Canada, EU, China to co-host September climate meeting

In this photograph taken on August 11, 2017, Pakistani children cool themselves off in a stream during a hot day in Sibi, in Pakistan's southwestern Balochistan province. Scientists have warned that swathes of South Asia may be uninhabitable due to rising temperatures by 2100 -- and in the desert community of Sibi in southwest Balochistan province, where the mercury hit 52.4 degrees Celsius (126 Fahrenheit) this summer, it feels like they could be right. (AFP)

MONTREAL: Environmental ministers representing Canada, China and the European Union will co-host a meeting in Montreal later this month to move forward with the implementation of the Paris climate change agreement.
The ministerial meeting will include representatives from some 30 countries, according to Canada’s minister of environment and climate change, Catherine McKenna.
“This meeting brings together major economies and key climate actors to advance the implementation of the Paris Agreement and demonstrate continued commitment to global action on climate change,” she said in a statement.

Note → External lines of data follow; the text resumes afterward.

text \<open>parent* v: the lowest ancestor of v (including v) that is a star node;
  as a set (empty if no such ancestor exists), extended elementwise to sets.\<close>
definition pstar :: "'a re \<Rightarrow> nat list \<Rightarrow> nat list set" where
  "pstar R v = {u. prefix u v \<and> is_star R u \<and> (\<forall>w. prefix w v \<and> is_star R w \<longrightarrow> prefix w u)}"

definition pstar_set :: "'a re \<Rightarrow> nat list set \<Rightarrow> nat list set" where
  "pstar_set R V = (\<Union>v\<in>V. pstar R v)"

definition delta_cat :: "'a re \<Rightarrow> nat list \<Rightarrow> 'a \<Rightarrow> nat list set" where
  "delta_cat R v a = {q \<in> Pos_chr R a. right v \<in> firstextent R {q}}"

definition delta_star :: "'a re \<Rightarrow> nat list \<Rightarrow> 'a \<Rightarrow> nat list set" where
  "delta_star R v a = {q \<in> Pos_chr R a. \<exists>u\<in>pstar R v. u \<in> firstextent R {q}}"

definition Ncat :: "'a re \<Rightarrow> nat list set \<Rightarrow> 'a \<Rightarrow> nat list set" where
  "Ncat R P a = {v. is_cat R v \<and> left v \<in> lastextent R P \<and> right v \<in> firstextent R (Pos_chr R a)}"

definition Nstar :: "'a re \<Rightarrow> nat list set \<Rightarrow> 'a \<Rightarrow> nat list set" where
  "Nstar R P a = {v. is_star R v \<and> v \<in> pstar_set R (lca_set P (Pos_chr R a))
                      \<and> v \<in> lastextent R P \<and> v \<in> firstextent R (Pos_chr R a)}"

definition star_dominated :: "'a re \<Rightarrow> nat list \<Rightarrow> nat list \<Rightarrow> bool" where
  "star_dominated R v u \<longleftrightarrow> strict_prefix u v \<and> first R v \<subseteq> first R u"

definition cat_dominated :: "'a re \<Rightarrow> nat list \<Rightarrow> nat list \<Rightarrow> bool" where
  "cat_dominated R v u \<longleftrightarrow> strict_prefix u v \<and> first R (right v) \<subseteq> first R (right u)"

definition Nstar_min :: "'a re \<Rightarrow> nat list set \<Rightarrow> 'a \<Rightarrow> nat list set" where
  "Nstar_min R P a = {v \<in> Nstar R P a. \<not> (\<exists>u\<in>Nstar R P a. star_dominated R v u)}"

definition Ncat_min :: "'a re \<Rightarrow> nat list set \<Rightarrow> 'a \<Rightarrow> nat list set" where
  "Ncat_min R P a = {v \<in> Ncat R P a. \<not> (\<exists>u\<in>Ncat R P a. cat_dominated R v u)}"

end

theory Submission
  imports Defs
begin

text \<open>
  By Glushkov's characterisation, q follows p iff some \<open>\<odot>\<close>-node v has p in last(left v) and
  q in first(right v), or some \<open>\<ast>\<close>-node v has p in last(v) and q in first(v).
  A position stays first (last) at every node on the path from a node to it, so a \<open>\<ast>\<close>-witness
  can be pushed down to parent\<open>\<ast>\<close>(lca(p,q)), and every witness can be replaced by an
  undominated one, since domination only enlarges the relevant first set. Conversely, the nodes at
  which a fixed position q is first form a chain along the path to q with decreasing first sets, so
  of two distinct nodes sharing q the deeper one is dominated by the other: this gives disjointness.
\<close>

section \<open>Glushkov's first and last positions\<close>

definition firsts :: "'a re \<Rightarrow> nat list set" where
  "firsts r = {hd w | w. w \<in> plang r \<and> w \<noteq> []}"

definition lasts :: "'a re \<Rightarrow> nat list set" where
  "lasts r = {List.last w | w. w \<in> plang r \<and> w \<noteq> []}"

lemma plang_nonempty: "\<exists>w. w \<in> plang r"
  by (induction r) (auto intro: exI[of _ "[]"])

lemma plang_CatI: "u \<in> plang a \<Longrightarrow> w \<in> plang b \<Longrightarrow> map ((#) 0) u @ map ((#) 1) w \<in> plang (Cat a b)"
  by auto

lemma plang_StarI: "\<forall>w\<in>set ws. w \<in> map ((#) 0) ` plang a \<Longrightarrow> concat ws \<in> plang (Star a)"
  by auto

The meeting follows US President Donald Trump’s announcement in June that the United States would abandon the painstakingly-negotiated 2015 global pact.
The accord commits signatories to efforts to reduce greenhouse gas emissions that cause global warming, which is blamed for melting ice caps and glaciers, rising sea levels and more violent weather events.
They vowed steps to keep the worldwide rise in temperatures “well below” two degrees Celsius (3.6 degrees Fahrenheit) from pre-industrial times and to “pursue efforts” to hold the increase under 1.5 degrees Celsius.
The Montreal meeting will precede an international summit slated to be held in France on December 12 to review progress on the climate accord.